An open API service indexing awesome lists of open source software.

Awesome Lists | Featured Topics | Projects

https://github.com/extrawest/llamaindex-analysis-agent

Analysis Agent on Llamaindex Typescript with a simple caching mechanism
https://github.com/extrawest/llamaindex-analysis-agent

agents ai demo gpt huggingface-embeddings javascript llama-parse llamaindex openai qdrant-vector-database typescript

Last synced: 15 days ago
JSON representation

Analysis Agent on Llamaindex Typescript with a simple caching mechanism

Awesome Lists containing this project

README

        

# Analysis Agent

This project is a Node.js application that uses advanced AI and natural language processing techniques to analyze and answer questions about the provided resources and related information.
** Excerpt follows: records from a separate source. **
(* Let $\mathcal X,\mathcal U$ be finite nonempty sets, $f:\mathcal X\times\mathcal U\to\mathcal X$ and $\ell,g:\mathcal X\to\mathbb R$. Let $V_{\mathrm A}^*(x)=\max_{\pi\in\Pi}\min_{\tau\in\mathbb N}g(\xi_x^\pi(\tau))$ and $\tilde\ell(x)=\min\{\ell(x),V_{\mathrm A}^*(x)\}$. Then for all $x\in\mathcal X$, $$\max_{\pi\in\Pi}\max_{\tau\in\mathbb N}\min\Big\{\tilde\ell(\xi_x^\pi(\tau)),\min_{\kappa\le\tau}g(\xi_x^\pi(\kappa))\Big\}=\max_{\mathbf u\in\mathbb U}\max_{\tau\in\mathbb N}\min\Big\{\tilde\ell(\xi_x^{\mathbf u}(\tau)),\min_{\kappa\le\tau}g(\xi_x^{\mathbf u}(\kappa))\Big\}.$$
   Context: $\mathbb N=\{0,1,\dots\}$; $\Pi$ is the set of maps $\mathcal X\to\mathcal U$; $\mathbb U$ is the set of sequences $\mathbb N\to\mathcal U$. For $\pi\in\Pi$: $\xi_x^\pi(0)=x$, $\xi_x^\pi(t+1)=f(\xi_x^\pi(t),\pi(\xi_x^\pi(t)))$. For $\mathbf u\in\mathbb U$: $\xi_x^{\mathbf u}(0)=x$, $\xi_x^{\mathbf u}(t+1)=f(\xi_x^{\mathbf u}(t),\mathbf u(t))$. *)

theory Defs
  imports Main Complex_Main
begin

primrec traj_pol :: "('x \<Rightarrow> 'u \<Rightarrow> 'x) \<Rightarrow> ('x \<Rightarrow> 'u) \<Rightarrow> 'x \<Rightarrow> nat \<Rightarrow> 'x" where
  "traj_pol f p x 0 = x"
| "traj_pol f p x (Suc t) = f (traj_pol f p x t) (p (traj_pol f p x t))"

primrec traj_seq :: "('x \<Rightarrow> 'u \<Rightarrow> 'x) \<Rightarrow> (nat \<Rightarrow> 'u) \<Rightarrow> 'x \<Rightarrow> nat \<Rightarrow> 'x" where
  "traj_seq f u x 0 = x"
| "traj_seq f u x (Suc t) = f (traj_seq f u x t) (u t)"

text \<open>V_A^*(x) = max over policies of min over times of g along the trajectory.
  All maxima/minima are over finite value sets (values lie in the finite range of g).\<close>
definition VA :: "('x::finite \<Rightarrow> 'u::finite \<Rightarrow> 'x) \<Rightarrow> ('x \<Rightarrow> real) \<Rightarrow> 'x \<Rightarrow> real" where
  "VA f g x = Max ((\<lambda>p. Min ((\<lambda>\<tau>. g (traj_pol f p x \<tau>)) ` UNIV)) ` (UNIV :: ('x \<Rightarrow> 'u) set))"

definition ltilde :: "('x::finite \<Rightarrow> 'u::finite \<Rightarrow> 'x) \<Rightarrow> ('x \<Rightarrow> real) \<Rightarrow> ('x \<Rightarrow> real) \<Rightarrow> 'x \<Rightarrow> real" where
  "ltilde f l g x = min (l x) (VA f g x)"

end

theory Submission
  imports Defs
begin

text \<open>Every closed-loop trajectory is an open-loop one, so the policy maximum is at most the
  input-sequence maximum. Conversely, an open-loop trajectory that revisits a state can skip the
  loop in between; after removing all loops it visits pairwise distinct states, so a state-feedback
  policy reproduces it. Loop removal only shrinks the set of visited states and keeps the end
  point, which can only increase the reach-avoid payoff. Nothing about \<open>ltilde\<close> beyond being a
  function of the state is used.\<close>

definition reach_avoid_stage :: "('x \<Rightarrow> 'a::linorder) \<Rightarrow> ('x \<Rightarrow> 'a) \<Rightarrow> (nat \<Rightarrow> 'x) \<Rightarrow> nat \<Rightarrow> 'a" where
  "reach_avoid_stage h g \<xi> \<tau> = min (h (\<xi> \<tau>)) (Min ((\<lambda>\<kappa>. g (\<xi> \<kappa>)) ` {..\<tau>}))"

definition reach_avoid_payoff :: "('x \<Rightarrow> 'a::linorder) \<Rightarrow> ('x \<Rightarrow> 'a) \<Rightarrow> (nat \<Rightarrow> 'x) \<Rightarrow> 'a" where
  "reach_avoid_payoff h g \<xi> = Max (range (reach_avoid_stage h g \<xi>))"

lemma traj_seq_traj_pol: "traj_seq f (\<lambda>t. p (traj_pol f p x t)) x = traj_pol f p x"
proof
  show "traj_seq f (\<lambda>t. p (traj_pol f p x t)) x t = traj_pol f p x t" for t
    by (induction t) simp_all
qed

lemma traj_seq_skip_loop:
  assumes "traj_seq f u x i = traj_seq f u x (i + d)"
  shows "traj_seq f (\<lambda>k. if k < i then u k else u (k + d)) x k
           = (if k \<le> i then traj_seq f u x k else traj_seq f u x (k + d))"
proof (induction k)
  case 0
  show ?case by simp
next
  case (Suc k)
  consider "k < i" | "k = i" | "k > i" by linarith
  then show ?case
    using Suc assms by cases simp_all
qed

lemma traj_seq_skip_loop_within:
  assumes loop: "traj_seq f u x i = traj_seq f u x (i + d)" and "i + d \<le> \<tau>"
  defines "u' \<equiv> (\<lambda>k. if k < i then u k else u (k + d))"
  shows "traj_seq f u' x (\<tau> - d) = traj_seq f u x \<tau>"
    and "traj_seq f u' x ` {..\<tau> - d} \<subseteq> traj_seq f u x ` {..\<tau>}"
proof -
  have skip: "traj_seq f u' x k = (if k \<le> i then traj_seq f u x k else traj_seq f u x (k + d))"
    for k unfolding u'_def using loop by (rule traj_seq_skip_loop)
  show "traj_seq f u' x (\<tau> - d) = traj_seq f u x \<tau>"
  proof (cases "\<tau> - d \<le> i")
    case True
    then have "\<tau> = i + d" using \<open>i + d \<le> \<tau>\<close> by linarith
    then show ?thesis using skip[of "\<tau> - d"] loop by simp
  next
    case False
    then show ?thesis using skip[of "\<tau> - d"] \<open>i + d \<le> \<tau>\<close> by simp
  qed
  show "traj_seq f u' x ` {..\<tau> - d} \<subseteq> traj_seq f u x ` {..\<tau>}"
  proof
    fix y assume "y \<in> traj_seq f u' x ` {..\<tau> - d}"
    then obtain k where "k \<le> \<tau> - d" "y = traj_seq f u' x k" by auto
    then show "y \<in> traj_seq f u x ` {..\<tau>}"
      using skip[of k] \<open>i + d \<le> \<tau>\<close> by (auto split: if_splits)
  qed
qed

lemma traj_seq_loop_free:
  "\<exists>v \<sigma>. inj_on (traj_seq f v x) {..\<sigma>} \<and> traj_seq f v x \<sigma> = traj_seq f u x \<tau>
          \<and> traj_seq f v x ` {..\<sigma>} \<subseteq> traj_seq f u x ` {..\<tau>}"
proof (induction \<tau> arbitrary: u rule: less_induct)
  case (less \<tau>)
  show ?case
  proof (cases "inj_on (traj_seq f u x) {..\<tau>}")
    case True
    then show ?thesis by blast
  next
    case False
    then obtain i j where "i < j" "j \<le> \<tau>" and "traj_seq f u x i = traj_seq f u x j"
      unfolding inj_on_def by (metis atMost_iff linorder_neqE_nat)
    moreover define d where "d = j - i"
    ultimately have "d > 0" "i + d \<le> \<tau>" and loop: "traj_seq f u x i = traj_seq f u x (i + d)"
      by simp_all
    define u' where "u' = (\<lambda>k. if k < i then u k else u (k + d))"
    have end_eq: "traj_seq f u' x (\<tau> - d) = traj_seq f u x \<tau>"
      and visited: "traj_seq f u' x ` {..\<tau> - d} \<subseteq> traj_seq f u x ` {..\<tau>}"
      unfolding u'_def using loop \<open>i + d \<le> \<tau>\<close> by (rule traj_seq_skip_loop_within)+
    obtain v \<sigma> where "inj_on (traj_seq f v x) {..\<sigma>}" "traj_seq f v x \<sigma> = traj_seq f u' x (\<tau> - d)"
      and "traj_seq f v x ` {..\<sigma>} \<subseteq> traj_seq f u' x ` {..\<tau> - d}"
      using less[of "\<tau> - d" u'] \<open>d > 0\<close> \<open>i + d \<le> \<tau>\<close> by auto
    moreover from this(3) visited have "traj_seq f v x ` {..\<sigma>} \<subseteq> traj_seq f u x ` {..\<tau>}"
      by (rule subset_trans)
    ultimately show ?thesis
      using end_eq by auto
  qed
qed

lemma traj_pol_eq_traj_seq_if_inj:
  assumes "inj_on (traj_seq f u x) {..\<tau>}" "k \<le> \<tau>"
  shows "traj_pol f (\<lambda>y. u (inv_into {..\<tau>} (traj_seq f u x) y)) x k = traj_seq f u x k"
  using assms(2)
proof (induction k)
  case 0
  show ?case by simp
next
  case (Suc k)
  then show ?case
    using inv_into_f_f[OF assms(1), of k] by simp
qed

lemma traj_seq_reached_by_pol:
  "\<exists>p \<sigma>. traj_pol f p x \<sigma> = traj_seq f u x \<tau> \<and> traj_pol f p x ` {..\<sigma>} \<subseteq> traj_seq f u x ` {..\<tau>}"
proof -
  obtain v \<sigma> where inj: "inj_on (traj_seq f v x) {..\<sigma>}"
    and end_eq: "traj_seq f v x \<sigma> = traj_seq f u x \<tau>"
    and visited: "traj_seq f v x ` {..\<sigma>} \<subseteq> traj_seq f u x ` {..\<tau>}"
    using traj_seq_loop_free[of f x u \<tau>] by (elim exE conjE)
  define p where "p = (\<lambda>y. v (inv_into {..\<sigma>} (traj_seq f v x) y))"
  have agree: "traj_pol f p x k = traj_seq f v x k" if "k \<le> \<sigma>" for k
    unfolding p_def using inj that by (rule traj_pol_eq_traj_seq_if_inj)
  then have "traj_pol f p x ` {..\<sigma>} = traj_seq f v x ` {..\<sigma>}"
    by (intro image_cong) simp_all
  then show ?thesis
    using agree[of \<sigma>] end_eq visited by (intro exI[of _ p] exI[of _ \<sigma>]) simp
qed

lemma reach_avoid_stage_in: "reach_avoid_stage h g \<xi> \<tau> \<in> range h \<union> range g"
proof -
  have "Min ((\<lambda>\<kappa>. g (\<xi> \<kappa>)) ` {..\<tau>}) \<in> (\<lambda>\<kappa>. g (\<xi> \<kappa>)) ` {..\<tau>}"
    by (rule Min_in) simp_all
  then have "Min ((\<lambda>\<kappa>. g (\<xi> \<kappa>)) ` {..\<tau>}) \<in> range g"
    by blast
  then show ?thesis
    unfolding reach_avoid_stage_def min_def by simp
qed

lemma finite_range_reach_avoid_stage:
  fixes \<xi> :: "nat \<Rightarrow> 'x::finite"
  shows "finite (range (reach_avoid_stage h g \<xi>))"
proof (rule finite_subset)
  show "range (reach_avoid_stage h g \<xi>) \<subseteq> range h \<union> range g"
    by (rule image_subsetI) (rule reach_avoid_stage_in)
qed simp

lemma reach_avoid_stage_le_payoff:
  fixes \<xi> :: "nat \<Rightarrow> 'x::finite"
  shows "reach_avoid_stage h g \<xi> \<tau> \<le> reach_avoid_payoff h g \<xi>"
  unfolding reach_avoid_payoff_def
  using finite_range_reach_avoid_stage by (rule Max_ge) (rule rangeI)

lemma reach_avoid_payoff_in:
  fixes \<xi> :: "nat \<Rightarrow> 'x::finite"
  shows "reach_avoid_payoff h g \<xi> \<in> range h \<union> range g"
proof -
  have "reach_avoid_payoff h g \<xi> \<in> range (reach_avoid_stage h g \<xi>)"
    unfolding reach_avoid_payoff_def
    using finite_range_reach_avoid_stage by (rule Max_in) simp
  then obtain \<tau> where "reach_avoid_payoff h g \<xi> = reach_avoid_stage h g \<xi> \<tau>"
    by blast
  then show ?thesis
    using reach_avoid_stage_in[of h g \<xi> \<tau>] by simp
qed

lemma finite_range_reach_avoid_payoff:
  fixes \<xi> :: "'i \<Rightarrow> nat \<Rightarrow> 'x::finite"
  shows "finite (range (\<lambda>i. reach_avoid_payoff h g (\<xi> i)))"
proof (rule finite_subset)
  show "range (\<lambda>i. reach_avoid_payoff h g (\<xi> i)) \<subseteq> range h \<union> range g"
    by (rule image_subsetI) (rule reach_avoid_payoff_in)
qed simp

lemma reach_avoid_stage_mono:
  assumes "\<xi>' \<sigma> = \<xi> \<tau>" "\<xi>' ` {..\<sigma>} \<subseteq> \<xi> ` {..\<tau>}"
  shows "reach_avoid_stage h g \<xi> \<tau> \<le> reach_avoid_stage h g \<xi>' \<sigma>"
proof -
  have "(\<lambda>\<kappa>. g (\<xi>' \<kappa>)) ` {..\<sigma>} \<subseteq> (\<lambda>\<kappa>. g (\<xi> \<kappa>)) ` {..\<tau>}"
    using image_mono[OF assms(2), of g] by (simp add: image_image)
  then have "Min ((\<lambda>\<kappa>. g (\<xi> \<kappa>)) ` {..\<tau>}) \<le> Min ((\<lambda>\<kappa>. g (\<xi>' \<kappa>)) ` {..\<sigma>})"
    by (rule Min_antimono) simp_all
  then show ?thesis
    unfolding reach_avoid_stage_def assms(1) by (rule min.mono[OF order_refl])
qed

lemma max_reach_avoid_payoff_pol_eq_seq:
  fixes f :: "'x::finite \<Rightarrow> 'u::finite \<Rightarrow> 'x"
  shows "Max (range (\<lambda>p. reach_avoid_payoff h g (traj_pol f p x)))
       = Max (range (\<lambda>u. reach_avoid_payoff h g (traj_seq f u x)))"
    (is "Max ?Pol = Max ?Seq")
proof (rule antisym)
  have "?Pol \<subseteq> ?Seq"
  proof (rule image_subsetI)
    fix p :: "'x \<Rightarrow> 'u"
    have "reach_avoid_payoff h g (traj_pol f p x)
          = reach_avoid_payoff h g (traj_seq f (\<lambda>t. p (traj_pol f p x t)) x)"
      by (simp only: traj_seq_traj_pol)
    then show "reach_avoid_payoff h g (traj_pol f p x) \<in> ?Seq"
      by blast
  qed
  then show "Max ?Pol \<le> Max ?Seq"
    by (rule Max_mono) (simp_all add: finite_range_reach_avoid_payoff)
next
  have "reach_avoid_stage h g (traj_seq f u x) \<tau> \<le> Max ?Pol" for u \<tau>
  proof -
    obtain p \<sigma> where "traj_pol f p x \<sigma> = traj_seq f u x \<tau>"
      "traj_pol f p x ` {..\<sigma>} \<subseteq> traj_seq f u x ` {..\<tau>}"
      using traj_seq_reached_by_pol[of f x u \<tau>] by (elim exE conjE)
    then have "reach_avoid_stage h g (traj_seq f u x) \<tau> \<le> reach_avoid_stage h g (traj_pol f p x) \<sigma>"
      by (rule reach_avoid_stage_mono)
    also have "\<dots> \<le> reach_avoid_payoff h g (traj_pol f p x)"
      by (rule reach_avoid_stage_le_payoff)
    also have "\<dots> \<le> Max ?Pol"
      by (rule Max_ge[OF finite_range_reach_avoid_payoff]) (rule rangeI)
    finally show ?thesis .
  qed
  then have "reach_avoid_payoff h g (traj_seq f u x) \<le> Max ?Pol" for u
    unfolding reach_avoid_payoff_def by (intro Max.boundedI[OF finite_range_reach_avoid_stage]) auto
  then show "Max ?Seq \<le> Max ?Pol"
    by (intro Max.boundedI[OF finite_range_reach_avoid_payoff]) auto
qed

theorem mainTheorem6:
  fixes f :: "'x::finite \<Rightarrow> 'u::finite \<Rightarrow> 'x" and l g :: "'x \<Rightarrow> real" and x :: 'x
  shows "Max ((\<lambda>p. Max ((\<lambda>\<tau>. min (ltilde f l g (traj_pol f p x \<tau>))
                         (Min ((\<lambda>\<kappa>. g (traj_pol f p x \<kappa>)) ` {..\<tau>}))) ` UNIV))
              ` (UNIV :: ('x \<Rightarrow> 'u) set))
       = Max ((\<lambda>u. Max ((\<lambda>\<tau>. min (ltilde f l g (traj_seq f u x \<tau>))
                         (Min ((\<lambda>\<kappa>. g (traj_seq f u x \<kappa>)) ` {..\<tau>}))) ` UNIV))
              ` (UNIV :: (nat \<Rightarrow> 'u) set))"
  using max_reach_avoid_payoff_pol_eq_seq[of "ltilde f l g" g f x]
  unfolding reach_avoid_payoff_def reach_avoid_stage_def .

end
It combines document parsing, vector storage, and an AI agent to provide intelligent responses.

## Demo

https://github.com/user-attachments/assets/0a5e33ec-79ac-426c-b770-c4108df374a4

## Technologies and Frameworks Used

- **Node.js**: The runtime environment for executing the TypeScript code.
- **TypeScript**: The programming language used for the project.

### Libraries and Packages

- **LlamaIndex**: A data framework for LLM-based applications.
- **OpenAI**: For accessing GPT-4 language model.
- **dotenv**: For loading environment variables.
- **fs/promises**: For asynchronous file system operations.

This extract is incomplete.